Download or read book Alternative Food Networks written by David Goodman and published by Routledge. This book was released on 2012-02-20 with total page 352 pages. Available in PDF, EPUB and Kindle. Book excerpt: Farmers’ markets, veggie boxes, local foods, organic products and Fair Trade goods – how have these once novel, "alternative" foods, and the people and networks supporting them, become increasingly familiar features of everyday consumption? Are the visions of "alternative worlds" built on ethics of sustainability, social justice, animal welfare and the aesthetic values of local food cultures and traditional crafts still credible now that these foods crowd supermarket shelves and other "mainstream" shopping outlets?
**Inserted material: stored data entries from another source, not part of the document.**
(* Let $f_1,\dots,f_n:\mathbb{R}^d\to\mathbb{R}$ be convex with each $f_i$ being $L_i$-smooth, let $f = \frac{1}{n}\sum_i f_i$ and let $x^*$ be a minimizer of $f$. Let $\mathcal{C}_1,\dots,\mathcal{C}_n$ be independent randomized compression operators with $\mathcal{C}_i\in\mathbb{B}^d(\omega_i)$, and let $\beta_i\in(0, \frac{1}{\omega_i+1}]$ for each $i$. For points $x^k, h_1^k,\dots,h_n^k$ define $h_i^{k+1} = h_i^k + \beta_i\mathcal{C}_i(\nabla f_i(x^k) - h_i^k)$ and $\sigma_k^2 = \frac{1}{n}\sum_{i=1}^n\omega_i\|h_i^k - \nabla f_i(x^* )\|^2$ (and analogously $\sigma_{k+1}^2$ with $h_i^{k+1}$). Then \[ \mathbb{E}\,\sigma_{k+1}^2 \leq (1 - \min_i\beta_i)\sigma_k^2 + 2\max_i\{\beta_i\omega_iL_i\}\,D_f(x^k,x^* ), \] where the expectation is over the compressors.
   Context: A (random) operator $\mathcal{C}$ belongs to $\mathbb{B}^d(\omega)$ if $\mathbb{E}[\mathcal{C}(x)] = x$ and $\mathbb{E}\|\mathcal{C}(x)-x\|^2\leq\omega\|x\|^2$ for all $x$. The Bregman divergence is $D_f(x,y) = f(x)-f(y)-\langle\nabla f(y),x-y\rangle$. A differentiable $g$ is $L$-smooth if $\|\nabla g(x)-\nabla g(y)\|\leq L\|x-y\|$ for all $x,y$. *)

theory Defs
  imports "HOL-Probability.Probability"
begin

text \<open>Unbiased compressor class B^d(omega): a random operator C given as a function of the
  sample point s of the probability space M.\<close>
definition unbiased_compressor :: "'s measure \<Rightarrow> real \<Rightarrow> ('s \<Rightarrow> 'a::euclidean_space \<Rightarrow> 'a) \<Rightarrow> bool" where
  "unbiased_compressor M \<omega> C \<longleftrightarrow>
     (\<forall>x. integrable M (\<lambda>s. C s x) \<and> (\<integral>s. C s x \<partial>M) = x \<and>
          integrable M (\<lambda>s. (norm (C s x - x))\<^sup>2) \<and>
          (\<integral>s. (norm (C s x - x))\<^sup>2 \<partial>M) \<le> \<omega> * (norm x)\<^sup>2)"

definition bregman :: "('a::real_inner \<Rightarrow> real) \<Rightarrow> ('a \<Rightarrow> 'a) \<Rightarrow> 'a \<Rightarrow> 'a \<Rightarrow> real" where
  "bregman f gf x y = f x - f y - inner (gf y) (x - y)"

definition L_smooth :: "('a::real_inner \<Rightarrow> real) \<Rightarrow> ('a \<Rightarrow> 'a) \<Rightarrow> real \<Rightarrow> bool" where
  "L_smooth g gg L \<longleftrightarrow>
     (\<forall>x. (g has_derivative (\<lambda>h. inner (gg x) h)) (at x)) \<and>
     (\<forall>x y. norm (gg x - gg y) \<le> L * norm (x - y))"

end

theory Submission imports Defs begin

text \<open>
  Fix a node and put \<open>a = h - \<nabla>f(x\<^sup>*)\<close>, \<open>d = \<nabla>f(x\<^sup>k) - h\<close>. The compression error of \<open>d\<close>
  is centred, so the new shift \<open>h + \<beta> C(d)\<close> has expected squared distance from \<open>\<nabla>f(x\<^sup>*)\<close>
  at most \<open>\<parallel>a + \<beta> d\<parallel>\<^sup>2 + \<beta>\<^sup>2 \<omega> \<parallel>d\<parallel>\<^sup>2\<close>, and \<open>\<beta> (\<omega> + 1) \<le> 1\<close> bounds this by the
  convex combination \<open>(1 - \<beta>) \<parallel>a\<parallel>\<^sup>2 + \<beta> \<parallel>a + d\<parallel>\<^sup>2\<close>. Here \<open>a + d = \<nabla>f(x\<^sup>k) - \<nabla>f(x\<^sup>*)\<close>, and
  co-coercivity of the gradient of a convex \<open>L\<close>-smooth function gives
  \<open>\<parallel>\<nabla>f(x\<^sup>k) - \<nabla>f(x\<^sup>*)\<parallel>\<^sup>2 \<le> 2 L D\<^sub>f(x\<^sup>k, x\<^sup>*)\<close>. Weighting by \<open>\<omega>\<close>, averaging over the nodes and
  using that the Bregman divergence is linear in the function yields the bound.
\<close>

lemma has_real_derivative_along_line:
  fixes g :: "'a::real_inner \<Rightarrow> real"
  assumes "\<And>z. (g has_derivative (\<lambda>h. inner (gg z) h)) (at z)"
  shows "((\<lambda>t. g (x + t *\<^sub>R d)) has_real_derivative inner (gg (x + t *\<^sub>R d)) d) (at t)"
proof -
  have "((\<lambda>t. x + t *\<^sub>R d) has_derivative (\<lambda>h. h *\<^sub>R d)) (at t)"
    by (auto intro!: derivative_eq_intros)
  from diff_chain_at[OF this assms]
  have "((\<lambda>t. g (x + t *\<^sub>R d)) has_derivative (\<lambda>h. inner (gg (x + t *\<^sub>R d)) (h *\<^sub>R d))) (at t)"
    by (simp add: o_def)
  then show ?thesis
    unfolding has_field_derivative_def by (rule has_derivative_eq_rhs) (auto simp: fun_eq_iff)
qed

lemma convex_on_along_line:
  assumes "convex_on UNIV g"
  shows "convex_on UNIV (\<lambda>t. g (x + t *\<^sub>R d))"
proof (rule convex_onI)
  fix t a b :: real
  assume "0 < t" "t < 1"
  have "x + ((1 - t) * a + t * b) *\<^sub>R d = (1 - t) *\<^sub>R (x + a *\<^sub>R d) + t *\<^sub>R (x + b *\<^sub>R d)"
    by (simp add: algebra_simps)
  then show "g (x + ((1 - t) *\<^sub>R a + t *\<^sub>R b) *\<^sub>R d) \<le> (1 - t) * g (x + a *\<^sub>R d) + t * g (x + b *\<^sub>R d)"
    using convex_onD[OF assms, of t "x + a *\<^sub>R d" "x + b *\<^sub>R d"] \<open>0 < t\<close> \<open>t < 1\<close> by simp
qed simp

lemma convex_on_gradient_inequality:
  fixes g :: "'a::real_inner \<Rightarrow> real"
  assumes "convex_on UNIV g" and "\<And>z. (g has_derivative (\<lambda>h. inner (gg z) h)) (at z)"
  shows "g y + inner (gg y) (x - y) \<le> g x"
proof -
  have "inner (gg (y + 0 *\<^sub>R (x - y))) (x - y) * (1 - 0) \<le> g (y + 1 *\<^sub>R (x - y)) - g (y + 0 *\<^sub>R (x - y))"
    by (rule convex_on_imp_above_tangent[OF convex_on_along_line[OF assms(1)]])
      (use has_real_derivative_along_line[OF assms(2), of y "x - y" 0] in auto)
  then show ?thesis by simp
qed

lemma bregman_nonneg:
  fixes g :: "'a::real_inner \<Rightarrow> real"
  assumes "convex_on UNIV g" and "\<And>z. (g has_derivative (\<lambda>h. inner (gg z) h)) (at z)"
  shows "0 \<le> bregman g gg x y"
  using convex_on_gradient_inequality[OF assms, of y x] by (simp add: bregman_def)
This timely book provides a critical review of the growth of alternative food networks and their struggle to defend their ethical and aesthetic values against the standardizing pressures of the corporate mainstream with its "placeless and nameless" global supply networks. It explores how these alternative movements are "making a difference" and their possible role as fears of global climate change and food insecurity intensify. It assesses the different experiences of these networks in three major arenas of food activism and politics: Britain and Western Europe, the United States, and the global Fair Trade economy. This comparative perspective runs throughout the book to fully explore the progressive erosion of the interface between alternative and mainstream food provisioning. As the era of "cheap food" draws to a close, analysis of the limitations of market-based social change and the future of alternative food economies and localist food politics place this book at the cutting-edge of the field. The book is thoroughly informed by contemporary social theory and interdisciplinary social scientific scholarship, formulates an integrative social practice framework to understand alternative food production-consumption, and offers a unique geographical reach in its case studies.

Book The Sociology of Education

Download or read book The Sociology of Education written by Jeanne Ballantine and published by Routledge. This book was released on 2015-07-22 with total page 448 pages. Available in PDF, EPUB and Kindle. Book excerpt: Putting Sociology to Work; Chapter 4 Gender, Race, and Class: Attempts to Achieve Equality of Educational Opportunity; Gender and Equality of Educational Opportunity; Class, Race, and Attempts to Rectify Inequalities in Educational Opportunity; Integration Attempts; Educational Experience of Selected Minorities in the United States; Improving Schools for Minority Students; Summary; Putting Sociology to Work; Chapter 5 The School as an Organization; The Social System of the School; Goals of the School System; The School as an Organization.

Book Sport and Migration

Download or read book Sport and Migration written by Joseph Maguire and published by Routledge. This book was released on 2010-10-18 with total page 334 pages. Available in PDF, EPUB and Kindle. Book excerpt: In this dazzling collection of papers, leading international sport studies scholars chart the patterns, policies and personal experiences of labour migration within and around sport, and in doing so cast important new light both on the forces shaping modern sport and on the role that sport plays in shaping the world economy and global society. Contains a broad range of case studies focussing on such diverse areas as European and African soccer, Japanese baseball and rugby union in New Zealand.

Book Classical Sociology

Download or read book Classical Sociology written by Bryan S Turner and published by SAGE. This book was released on 1999-12-06 with total page 310 pages. Available in PDF, EPUB and Kindle. Book excerpt: "In this book, one of the foremost sociologists of the present day turns his gaze upon the key figures and seminal institutions in the rise of sociology." "This book is a systematic introduction to classical sociology and its development in the twentiethcentury. Accessible and authoritative, it will be required reading for anyone interested in sociology and social theory today."--BOOK JACKET.